## DIRECTIONS FOR THIS TASK:
Search the data below for the string "lens". Extract every line that contains it.

Records contained in a dataset:
<<<<

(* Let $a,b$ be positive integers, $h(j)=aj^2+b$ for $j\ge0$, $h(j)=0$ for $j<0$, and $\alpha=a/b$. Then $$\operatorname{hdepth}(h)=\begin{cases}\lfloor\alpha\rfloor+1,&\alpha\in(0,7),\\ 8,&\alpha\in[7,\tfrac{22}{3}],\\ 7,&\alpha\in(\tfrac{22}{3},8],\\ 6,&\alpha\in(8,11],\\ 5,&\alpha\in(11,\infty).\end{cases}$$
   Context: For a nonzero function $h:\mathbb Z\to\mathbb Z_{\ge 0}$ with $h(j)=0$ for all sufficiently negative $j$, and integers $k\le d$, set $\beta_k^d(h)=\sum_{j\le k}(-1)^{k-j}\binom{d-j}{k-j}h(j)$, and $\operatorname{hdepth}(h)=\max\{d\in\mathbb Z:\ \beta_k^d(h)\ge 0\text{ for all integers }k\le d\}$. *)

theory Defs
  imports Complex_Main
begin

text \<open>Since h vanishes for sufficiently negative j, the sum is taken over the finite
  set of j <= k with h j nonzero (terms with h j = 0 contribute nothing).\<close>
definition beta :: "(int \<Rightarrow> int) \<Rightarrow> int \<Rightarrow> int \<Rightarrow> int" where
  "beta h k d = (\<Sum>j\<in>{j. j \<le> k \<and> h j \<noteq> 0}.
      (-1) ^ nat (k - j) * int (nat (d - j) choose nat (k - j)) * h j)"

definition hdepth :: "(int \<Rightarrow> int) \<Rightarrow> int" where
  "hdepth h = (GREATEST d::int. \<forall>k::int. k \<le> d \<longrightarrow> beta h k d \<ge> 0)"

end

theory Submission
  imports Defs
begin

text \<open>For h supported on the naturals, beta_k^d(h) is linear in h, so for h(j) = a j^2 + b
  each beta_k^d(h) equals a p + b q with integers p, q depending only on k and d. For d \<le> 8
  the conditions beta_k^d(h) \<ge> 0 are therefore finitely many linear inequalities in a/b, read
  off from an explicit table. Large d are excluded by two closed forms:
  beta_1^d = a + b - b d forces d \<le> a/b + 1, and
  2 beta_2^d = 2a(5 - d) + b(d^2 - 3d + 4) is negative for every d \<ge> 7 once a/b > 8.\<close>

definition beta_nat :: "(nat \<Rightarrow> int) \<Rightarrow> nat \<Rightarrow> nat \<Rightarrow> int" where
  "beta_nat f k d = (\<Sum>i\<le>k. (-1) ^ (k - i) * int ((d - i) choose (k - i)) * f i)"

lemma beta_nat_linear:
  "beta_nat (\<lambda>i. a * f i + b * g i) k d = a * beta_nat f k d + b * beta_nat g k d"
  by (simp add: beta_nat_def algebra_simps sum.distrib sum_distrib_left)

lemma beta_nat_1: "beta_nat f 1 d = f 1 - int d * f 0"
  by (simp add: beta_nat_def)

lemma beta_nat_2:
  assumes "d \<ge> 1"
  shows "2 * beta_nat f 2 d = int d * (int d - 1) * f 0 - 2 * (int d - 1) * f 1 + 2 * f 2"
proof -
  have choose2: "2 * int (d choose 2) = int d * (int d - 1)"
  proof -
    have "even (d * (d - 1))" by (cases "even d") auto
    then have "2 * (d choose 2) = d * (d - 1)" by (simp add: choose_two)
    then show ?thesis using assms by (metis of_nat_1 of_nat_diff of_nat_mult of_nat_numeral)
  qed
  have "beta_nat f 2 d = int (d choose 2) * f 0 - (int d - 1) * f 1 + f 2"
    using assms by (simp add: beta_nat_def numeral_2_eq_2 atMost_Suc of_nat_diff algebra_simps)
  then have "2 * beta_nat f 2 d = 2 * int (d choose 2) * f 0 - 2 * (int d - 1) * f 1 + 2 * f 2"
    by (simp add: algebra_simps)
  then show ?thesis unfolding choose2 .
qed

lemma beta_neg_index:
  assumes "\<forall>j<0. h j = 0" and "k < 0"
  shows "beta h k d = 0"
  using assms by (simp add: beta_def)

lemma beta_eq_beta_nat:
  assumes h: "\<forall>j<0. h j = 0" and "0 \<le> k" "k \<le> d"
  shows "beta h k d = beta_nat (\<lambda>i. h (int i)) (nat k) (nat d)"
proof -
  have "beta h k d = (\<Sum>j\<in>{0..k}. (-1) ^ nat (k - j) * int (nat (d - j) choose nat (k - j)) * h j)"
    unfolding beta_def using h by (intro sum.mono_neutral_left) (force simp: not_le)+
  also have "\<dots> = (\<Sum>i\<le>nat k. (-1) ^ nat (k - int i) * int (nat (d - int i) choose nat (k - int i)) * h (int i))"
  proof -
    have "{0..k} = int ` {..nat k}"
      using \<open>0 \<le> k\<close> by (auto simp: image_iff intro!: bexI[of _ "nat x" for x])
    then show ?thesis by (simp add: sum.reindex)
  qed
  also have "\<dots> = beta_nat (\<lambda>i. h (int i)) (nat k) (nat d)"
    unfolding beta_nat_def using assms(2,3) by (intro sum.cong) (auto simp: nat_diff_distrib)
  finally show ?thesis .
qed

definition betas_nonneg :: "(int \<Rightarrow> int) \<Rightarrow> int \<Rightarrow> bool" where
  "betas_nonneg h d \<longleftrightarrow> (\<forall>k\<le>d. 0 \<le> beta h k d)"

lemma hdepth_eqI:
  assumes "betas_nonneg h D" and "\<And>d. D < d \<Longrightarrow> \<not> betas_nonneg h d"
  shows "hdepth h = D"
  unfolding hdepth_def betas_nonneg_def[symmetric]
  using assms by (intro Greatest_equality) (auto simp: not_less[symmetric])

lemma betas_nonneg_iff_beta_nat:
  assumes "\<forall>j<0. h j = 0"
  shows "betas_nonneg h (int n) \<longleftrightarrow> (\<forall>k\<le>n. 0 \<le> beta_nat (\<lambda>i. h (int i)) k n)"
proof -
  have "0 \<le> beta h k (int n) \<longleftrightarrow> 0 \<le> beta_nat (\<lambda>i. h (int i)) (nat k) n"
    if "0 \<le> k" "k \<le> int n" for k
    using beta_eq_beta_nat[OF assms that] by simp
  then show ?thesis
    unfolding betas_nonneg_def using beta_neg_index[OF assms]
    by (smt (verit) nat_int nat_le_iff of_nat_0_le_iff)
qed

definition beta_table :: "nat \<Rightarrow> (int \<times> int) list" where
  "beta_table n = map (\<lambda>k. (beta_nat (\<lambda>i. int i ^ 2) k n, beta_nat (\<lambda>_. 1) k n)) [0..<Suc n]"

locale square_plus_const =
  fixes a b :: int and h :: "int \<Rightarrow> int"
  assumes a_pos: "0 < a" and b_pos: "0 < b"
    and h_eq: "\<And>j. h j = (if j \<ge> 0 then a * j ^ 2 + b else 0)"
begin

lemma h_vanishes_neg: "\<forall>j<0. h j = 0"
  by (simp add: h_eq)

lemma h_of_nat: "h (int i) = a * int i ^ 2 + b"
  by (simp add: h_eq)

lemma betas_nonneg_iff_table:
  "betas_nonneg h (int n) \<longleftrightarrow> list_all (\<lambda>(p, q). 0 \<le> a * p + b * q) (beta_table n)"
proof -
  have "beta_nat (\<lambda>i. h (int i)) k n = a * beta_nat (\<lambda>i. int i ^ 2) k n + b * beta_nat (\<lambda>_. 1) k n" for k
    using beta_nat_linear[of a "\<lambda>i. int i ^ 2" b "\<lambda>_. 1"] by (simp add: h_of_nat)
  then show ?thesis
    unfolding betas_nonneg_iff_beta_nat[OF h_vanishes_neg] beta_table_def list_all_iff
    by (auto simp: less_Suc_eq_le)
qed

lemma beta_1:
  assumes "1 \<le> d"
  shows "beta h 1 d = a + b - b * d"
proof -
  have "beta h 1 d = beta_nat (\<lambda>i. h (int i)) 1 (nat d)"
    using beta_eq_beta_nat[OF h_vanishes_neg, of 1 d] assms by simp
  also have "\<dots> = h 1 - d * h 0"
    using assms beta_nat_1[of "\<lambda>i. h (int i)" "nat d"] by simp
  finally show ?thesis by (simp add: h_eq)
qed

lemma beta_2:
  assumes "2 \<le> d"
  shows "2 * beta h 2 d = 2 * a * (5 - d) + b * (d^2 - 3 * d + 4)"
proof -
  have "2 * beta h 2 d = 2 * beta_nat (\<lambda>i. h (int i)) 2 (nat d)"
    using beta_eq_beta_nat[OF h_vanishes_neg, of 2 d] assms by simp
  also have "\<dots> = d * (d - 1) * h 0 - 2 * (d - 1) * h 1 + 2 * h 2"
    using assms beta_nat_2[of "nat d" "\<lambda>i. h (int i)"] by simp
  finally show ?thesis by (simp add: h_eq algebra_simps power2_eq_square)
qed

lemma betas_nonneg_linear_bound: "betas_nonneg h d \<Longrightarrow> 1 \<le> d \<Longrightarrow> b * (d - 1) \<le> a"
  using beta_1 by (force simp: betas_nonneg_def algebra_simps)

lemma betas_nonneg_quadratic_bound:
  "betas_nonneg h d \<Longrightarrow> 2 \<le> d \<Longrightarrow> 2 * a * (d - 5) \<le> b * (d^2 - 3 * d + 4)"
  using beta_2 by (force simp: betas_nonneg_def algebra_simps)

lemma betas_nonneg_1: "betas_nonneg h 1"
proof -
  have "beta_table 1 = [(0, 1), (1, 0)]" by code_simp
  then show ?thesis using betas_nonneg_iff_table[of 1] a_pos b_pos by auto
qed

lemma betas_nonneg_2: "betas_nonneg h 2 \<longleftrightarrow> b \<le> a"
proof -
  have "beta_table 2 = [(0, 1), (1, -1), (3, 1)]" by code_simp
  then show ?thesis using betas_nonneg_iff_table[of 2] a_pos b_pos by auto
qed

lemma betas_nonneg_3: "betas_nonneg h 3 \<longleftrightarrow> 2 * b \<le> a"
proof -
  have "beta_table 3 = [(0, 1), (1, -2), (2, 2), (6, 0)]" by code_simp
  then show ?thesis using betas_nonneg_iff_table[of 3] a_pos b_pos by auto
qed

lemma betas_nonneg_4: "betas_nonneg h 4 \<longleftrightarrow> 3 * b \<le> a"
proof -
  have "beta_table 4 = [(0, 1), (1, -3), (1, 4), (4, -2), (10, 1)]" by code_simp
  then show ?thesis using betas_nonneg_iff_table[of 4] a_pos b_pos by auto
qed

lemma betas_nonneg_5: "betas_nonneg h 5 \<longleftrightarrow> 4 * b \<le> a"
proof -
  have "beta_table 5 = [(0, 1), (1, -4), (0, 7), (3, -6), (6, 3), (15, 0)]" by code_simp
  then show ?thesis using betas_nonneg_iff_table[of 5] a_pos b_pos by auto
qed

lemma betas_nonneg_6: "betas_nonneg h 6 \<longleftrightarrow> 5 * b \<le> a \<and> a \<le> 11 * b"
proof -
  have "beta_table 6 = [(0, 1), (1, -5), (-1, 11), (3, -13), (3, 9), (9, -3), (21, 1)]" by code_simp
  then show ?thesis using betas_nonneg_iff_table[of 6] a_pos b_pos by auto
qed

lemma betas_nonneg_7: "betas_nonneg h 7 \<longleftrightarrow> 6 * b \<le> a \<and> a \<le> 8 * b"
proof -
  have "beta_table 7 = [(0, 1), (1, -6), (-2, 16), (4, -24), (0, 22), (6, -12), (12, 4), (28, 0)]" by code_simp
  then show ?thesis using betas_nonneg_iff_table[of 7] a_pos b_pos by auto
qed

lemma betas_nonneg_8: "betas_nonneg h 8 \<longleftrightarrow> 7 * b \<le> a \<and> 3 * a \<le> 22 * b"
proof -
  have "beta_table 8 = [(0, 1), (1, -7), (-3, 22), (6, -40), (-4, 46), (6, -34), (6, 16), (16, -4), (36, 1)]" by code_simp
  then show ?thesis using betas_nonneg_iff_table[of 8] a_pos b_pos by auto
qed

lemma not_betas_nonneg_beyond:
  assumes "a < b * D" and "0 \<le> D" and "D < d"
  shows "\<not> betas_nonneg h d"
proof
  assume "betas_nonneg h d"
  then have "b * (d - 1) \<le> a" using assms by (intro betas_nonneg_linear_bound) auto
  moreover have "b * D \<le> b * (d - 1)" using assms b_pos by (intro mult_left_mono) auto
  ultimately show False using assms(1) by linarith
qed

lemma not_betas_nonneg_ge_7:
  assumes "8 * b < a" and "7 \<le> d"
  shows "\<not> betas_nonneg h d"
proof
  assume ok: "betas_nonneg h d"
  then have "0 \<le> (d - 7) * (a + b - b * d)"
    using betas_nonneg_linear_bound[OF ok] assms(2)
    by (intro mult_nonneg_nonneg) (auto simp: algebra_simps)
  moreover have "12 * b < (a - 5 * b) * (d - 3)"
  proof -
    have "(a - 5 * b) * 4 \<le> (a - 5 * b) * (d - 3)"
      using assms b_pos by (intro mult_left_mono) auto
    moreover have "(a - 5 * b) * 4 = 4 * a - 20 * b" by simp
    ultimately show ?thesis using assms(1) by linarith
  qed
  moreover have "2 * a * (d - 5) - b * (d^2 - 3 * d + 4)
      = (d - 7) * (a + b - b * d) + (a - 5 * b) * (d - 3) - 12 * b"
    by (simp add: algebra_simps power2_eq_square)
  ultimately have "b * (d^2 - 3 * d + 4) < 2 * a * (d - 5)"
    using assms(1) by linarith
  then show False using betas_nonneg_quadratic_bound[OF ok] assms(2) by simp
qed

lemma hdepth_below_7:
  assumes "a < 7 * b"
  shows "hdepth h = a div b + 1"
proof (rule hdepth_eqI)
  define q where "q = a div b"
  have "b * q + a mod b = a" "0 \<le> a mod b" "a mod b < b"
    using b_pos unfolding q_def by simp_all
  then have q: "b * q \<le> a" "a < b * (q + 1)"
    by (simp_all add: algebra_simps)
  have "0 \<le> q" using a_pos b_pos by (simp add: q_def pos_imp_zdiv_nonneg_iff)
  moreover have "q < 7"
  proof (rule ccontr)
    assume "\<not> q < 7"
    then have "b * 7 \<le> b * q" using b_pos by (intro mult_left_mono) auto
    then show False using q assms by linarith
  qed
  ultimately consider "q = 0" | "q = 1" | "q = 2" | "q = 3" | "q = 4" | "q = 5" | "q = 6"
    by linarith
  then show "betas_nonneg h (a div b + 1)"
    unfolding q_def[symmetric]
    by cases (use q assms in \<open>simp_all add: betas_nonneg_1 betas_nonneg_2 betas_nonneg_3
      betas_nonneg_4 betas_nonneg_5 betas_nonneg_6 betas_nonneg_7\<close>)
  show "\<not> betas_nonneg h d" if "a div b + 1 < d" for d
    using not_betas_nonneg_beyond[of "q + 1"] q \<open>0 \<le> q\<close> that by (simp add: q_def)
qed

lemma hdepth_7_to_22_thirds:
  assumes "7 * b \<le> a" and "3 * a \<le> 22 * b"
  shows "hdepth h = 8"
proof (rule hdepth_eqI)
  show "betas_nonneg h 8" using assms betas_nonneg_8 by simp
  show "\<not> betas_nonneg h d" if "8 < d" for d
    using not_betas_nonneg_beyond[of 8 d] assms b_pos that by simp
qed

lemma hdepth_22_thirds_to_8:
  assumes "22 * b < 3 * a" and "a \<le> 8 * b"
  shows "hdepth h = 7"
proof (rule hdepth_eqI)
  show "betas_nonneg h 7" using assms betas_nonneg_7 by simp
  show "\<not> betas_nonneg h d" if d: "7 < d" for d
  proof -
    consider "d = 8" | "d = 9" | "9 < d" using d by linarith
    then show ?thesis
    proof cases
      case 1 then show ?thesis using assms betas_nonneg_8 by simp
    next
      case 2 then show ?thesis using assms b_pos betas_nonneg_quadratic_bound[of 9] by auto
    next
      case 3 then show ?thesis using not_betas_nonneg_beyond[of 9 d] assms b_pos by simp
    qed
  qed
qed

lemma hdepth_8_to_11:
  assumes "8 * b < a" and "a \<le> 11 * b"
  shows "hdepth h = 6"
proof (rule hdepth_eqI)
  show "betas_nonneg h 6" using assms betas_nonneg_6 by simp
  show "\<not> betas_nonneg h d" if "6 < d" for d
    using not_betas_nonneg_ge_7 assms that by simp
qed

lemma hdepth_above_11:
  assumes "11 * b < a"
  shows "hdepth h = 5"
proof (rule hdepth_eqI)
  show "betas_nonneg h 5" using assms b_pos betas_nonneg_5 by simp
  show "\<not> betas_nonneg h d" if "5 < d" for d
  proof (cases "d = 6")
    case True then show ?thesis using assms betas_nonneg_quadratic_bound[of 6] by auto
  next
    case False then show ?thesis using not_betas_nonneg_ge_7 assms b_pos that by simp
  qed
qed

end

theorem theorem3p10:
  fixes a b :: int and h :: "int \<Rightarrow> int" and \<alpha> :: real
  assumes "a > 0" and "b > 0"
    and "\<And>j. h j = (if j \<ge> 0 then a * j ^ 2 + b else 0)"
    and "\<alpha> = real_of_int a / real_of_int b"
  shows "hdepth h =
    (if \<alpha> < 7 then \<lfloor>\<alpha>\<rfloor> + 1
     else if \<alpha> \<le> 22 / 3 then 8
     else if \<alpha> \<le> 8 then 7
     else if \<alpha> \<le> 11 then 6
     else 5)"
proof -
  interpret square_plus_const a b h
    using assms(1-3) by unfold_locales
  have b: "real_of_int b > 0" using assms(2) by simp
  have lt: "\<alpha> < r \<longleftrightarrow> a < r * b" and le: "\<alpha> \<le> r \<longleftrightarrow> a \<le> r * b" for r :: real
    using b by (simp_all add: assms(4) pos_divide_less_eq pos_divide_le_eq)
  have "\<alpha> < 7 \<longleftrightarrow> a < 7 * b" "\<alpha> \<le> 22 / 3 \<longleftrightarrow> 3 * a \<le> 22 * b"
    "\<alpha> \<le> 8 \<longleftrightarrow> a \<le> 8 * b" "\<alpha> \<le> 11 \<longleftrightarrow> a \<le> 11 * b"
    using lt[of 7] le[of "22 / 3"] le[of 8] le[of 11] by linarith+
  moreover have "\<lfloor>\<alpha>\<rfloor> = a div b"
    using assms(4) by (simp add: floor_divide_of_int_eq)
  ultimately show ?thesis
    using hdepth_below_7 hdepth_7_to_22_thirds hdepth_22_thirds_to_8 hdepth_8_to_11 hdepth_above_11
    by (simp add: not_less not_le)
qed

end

>>>>
<<<<

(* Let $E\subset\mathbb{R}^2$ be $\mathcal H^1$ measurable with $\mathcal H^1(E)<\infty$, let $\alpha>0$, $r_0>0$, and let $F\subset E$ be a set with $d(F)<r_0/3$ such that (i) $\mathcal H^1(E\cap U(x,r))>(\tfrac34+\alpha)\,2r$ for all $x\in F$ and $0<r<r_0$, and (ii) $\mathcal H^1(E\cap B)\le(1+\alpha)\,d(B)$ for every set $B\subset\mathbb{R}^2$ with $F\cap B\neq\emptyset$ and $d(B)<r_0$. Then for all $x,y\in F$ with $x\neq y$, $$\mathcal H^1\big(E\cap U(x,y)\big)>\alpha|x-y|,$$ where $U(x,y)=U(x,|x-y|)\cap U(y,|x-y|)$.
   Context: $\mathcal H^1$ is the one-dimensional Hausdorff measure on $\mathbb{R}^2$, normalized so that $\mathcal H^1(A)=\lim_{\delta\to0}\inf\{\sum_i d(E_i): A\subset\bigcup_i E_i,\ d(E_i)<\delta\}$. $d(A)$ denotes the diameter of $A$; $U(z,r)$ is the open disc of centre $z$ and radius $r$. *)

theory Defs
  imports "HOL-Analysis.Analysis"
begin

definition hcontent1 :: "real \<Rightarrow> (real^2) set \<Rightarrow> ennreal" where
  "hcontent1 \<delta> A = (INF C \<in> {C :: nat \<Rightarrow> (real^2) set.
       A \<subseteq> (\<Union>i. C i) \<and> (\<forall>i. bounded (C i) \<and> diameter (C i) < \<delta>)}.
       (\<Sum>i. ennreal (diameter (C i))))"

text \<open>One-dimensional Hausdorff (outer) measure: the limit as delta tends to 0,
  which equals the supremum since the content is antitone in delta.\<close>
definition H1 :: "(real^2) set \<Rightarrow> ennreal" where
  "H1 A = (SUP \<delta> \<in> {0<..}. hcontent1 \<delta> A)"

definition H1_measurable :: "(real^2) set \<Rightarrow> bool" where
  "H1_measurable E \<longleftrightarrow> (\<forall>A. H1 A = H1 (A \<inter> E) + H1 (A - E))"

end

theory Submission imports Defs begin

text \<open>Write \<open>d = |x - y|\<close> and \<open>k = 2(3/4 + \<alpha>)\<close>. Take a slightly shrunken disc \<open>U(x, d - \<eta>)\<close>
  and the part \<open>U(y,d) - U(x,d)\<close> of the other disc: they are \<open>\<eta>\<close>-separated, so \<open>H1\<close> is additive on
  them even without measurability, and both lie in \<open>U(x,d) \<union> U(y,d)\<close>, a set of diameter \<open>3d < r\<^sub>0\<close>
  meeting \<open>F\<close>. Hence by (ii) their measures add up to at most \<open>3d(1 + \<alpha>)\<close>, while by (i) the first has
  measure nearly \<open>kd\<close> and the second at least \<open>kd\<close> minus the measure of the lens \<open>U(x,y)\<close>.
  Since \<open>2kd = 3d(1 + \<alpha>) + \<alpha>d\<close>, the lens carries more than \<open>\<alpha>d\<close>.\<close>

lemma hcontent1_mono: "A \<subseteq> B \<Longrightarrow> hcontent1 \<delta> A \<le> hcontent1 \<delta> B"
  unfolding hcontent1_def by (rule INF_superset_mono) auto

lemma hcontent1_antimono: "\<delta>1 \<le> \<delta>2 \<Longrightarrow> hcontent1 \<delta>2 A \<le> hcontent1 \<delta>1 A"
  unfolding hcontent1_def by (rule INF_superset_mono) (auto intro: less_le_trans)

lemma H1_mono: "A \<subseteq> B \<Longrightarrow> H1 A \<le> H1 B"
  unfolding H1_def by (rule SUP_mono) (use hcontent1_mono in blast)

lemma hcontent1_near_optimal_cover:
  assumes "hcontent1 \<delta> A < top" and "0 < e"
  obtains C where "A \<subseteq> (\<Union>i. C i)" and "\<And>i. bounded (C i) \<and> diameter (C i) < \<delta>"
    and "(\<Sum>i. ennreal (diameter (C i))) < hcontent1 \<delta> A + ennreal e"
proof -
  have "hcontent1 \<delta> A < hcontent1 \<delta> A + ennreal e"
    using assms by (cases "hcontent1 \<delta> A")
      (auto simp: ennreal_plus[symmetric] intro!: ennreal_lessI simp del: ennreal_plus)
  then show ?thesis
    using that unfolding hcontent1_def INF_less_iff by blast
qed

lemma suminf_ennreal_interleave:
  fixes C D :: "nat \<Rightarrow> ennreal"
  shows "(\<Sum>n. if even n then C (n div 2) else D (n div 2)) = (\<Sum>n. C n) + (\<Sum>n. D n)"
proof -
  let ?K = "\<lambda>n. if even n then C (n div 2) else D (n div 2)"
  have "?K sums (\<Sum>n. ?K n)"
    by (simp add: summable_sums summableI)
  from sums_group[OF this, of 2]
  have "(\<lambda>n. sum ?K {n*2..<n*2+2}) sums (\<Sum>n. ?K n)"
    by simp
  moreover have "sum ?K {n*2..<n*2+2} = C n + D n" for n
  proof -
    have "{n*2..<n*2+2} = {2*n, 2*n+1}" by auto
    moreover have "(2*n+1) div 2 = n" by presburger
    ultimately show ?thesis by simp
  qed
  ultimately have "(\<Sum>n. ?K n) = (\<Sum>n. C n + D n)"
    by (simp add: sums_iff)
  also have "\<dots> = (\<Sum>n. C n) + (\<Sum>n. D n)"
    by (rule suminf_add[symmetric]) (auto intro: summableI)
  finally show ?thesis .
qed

>>>>
<<<<

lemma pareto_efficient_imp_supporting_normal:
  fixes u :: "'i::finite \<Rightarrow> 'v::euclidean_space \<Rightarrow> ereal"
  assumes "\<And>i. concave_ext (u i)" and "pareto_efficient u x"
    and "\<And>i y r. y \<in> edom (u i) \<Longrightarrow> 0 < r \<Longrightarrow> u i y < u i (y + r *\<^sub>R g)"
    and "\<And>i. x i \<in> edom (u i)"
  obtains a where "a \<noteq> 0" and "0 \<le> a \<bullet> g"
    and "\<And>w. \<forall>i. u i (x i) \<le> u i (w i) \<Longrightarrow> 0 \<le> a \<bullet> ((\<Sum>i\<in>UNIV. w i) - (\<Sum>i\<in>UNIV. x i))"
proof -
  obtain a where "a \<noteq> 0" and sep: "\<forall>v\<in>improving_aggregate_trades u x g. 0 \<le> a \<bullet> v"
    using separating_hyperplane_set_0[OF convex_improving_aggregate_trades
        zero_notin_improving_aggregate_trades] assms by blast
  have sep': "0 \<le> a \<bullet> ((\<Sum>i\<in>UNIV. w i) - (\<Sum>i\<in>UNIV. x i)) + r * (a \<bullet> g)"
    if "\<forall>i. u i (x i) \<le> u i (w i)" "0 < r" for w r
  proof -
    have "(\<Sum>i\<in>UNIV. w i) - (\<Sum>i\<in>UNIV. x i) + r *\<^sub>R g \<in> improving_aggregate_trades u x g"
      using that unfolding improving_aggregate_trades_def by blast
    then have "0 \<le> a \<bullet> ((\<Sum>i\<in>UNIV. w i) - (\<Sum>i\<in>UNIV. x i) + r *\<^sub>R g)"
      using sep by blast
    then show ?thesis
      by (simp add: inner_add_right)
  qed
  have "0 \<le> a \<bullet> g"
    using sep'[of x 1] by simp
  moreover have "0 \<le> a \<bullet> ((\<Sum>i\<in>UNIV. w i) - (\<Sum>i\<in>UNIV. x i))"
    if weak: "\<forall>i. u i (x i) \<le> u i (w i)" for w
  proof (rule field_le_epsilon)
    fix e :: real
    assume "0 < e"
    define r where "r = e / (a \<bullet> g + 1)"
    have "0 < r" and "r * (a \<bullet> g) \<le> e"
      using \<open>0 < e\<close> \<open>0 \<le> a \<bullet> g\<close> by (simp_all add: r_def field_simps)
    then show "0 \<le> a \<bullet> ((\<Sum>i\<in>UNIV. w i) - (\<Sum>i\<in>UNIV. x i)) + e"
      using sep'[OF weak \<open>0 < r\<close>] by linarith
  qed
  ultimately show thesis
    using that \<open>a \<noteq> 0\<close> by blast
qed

>>>>

## EXERCISE OUTPUT:
  measure nearly \<open>kd\<close> and the second at least \<open>kd\<close> minus the measure of the lens \<open>U(x,y)\<close>.
  Since \<open>2kd = 3d(1 + \<alpha>) + \<alpha>d\<close>, the lens carries more than \<open>\<alpha>d\<close>.\<close>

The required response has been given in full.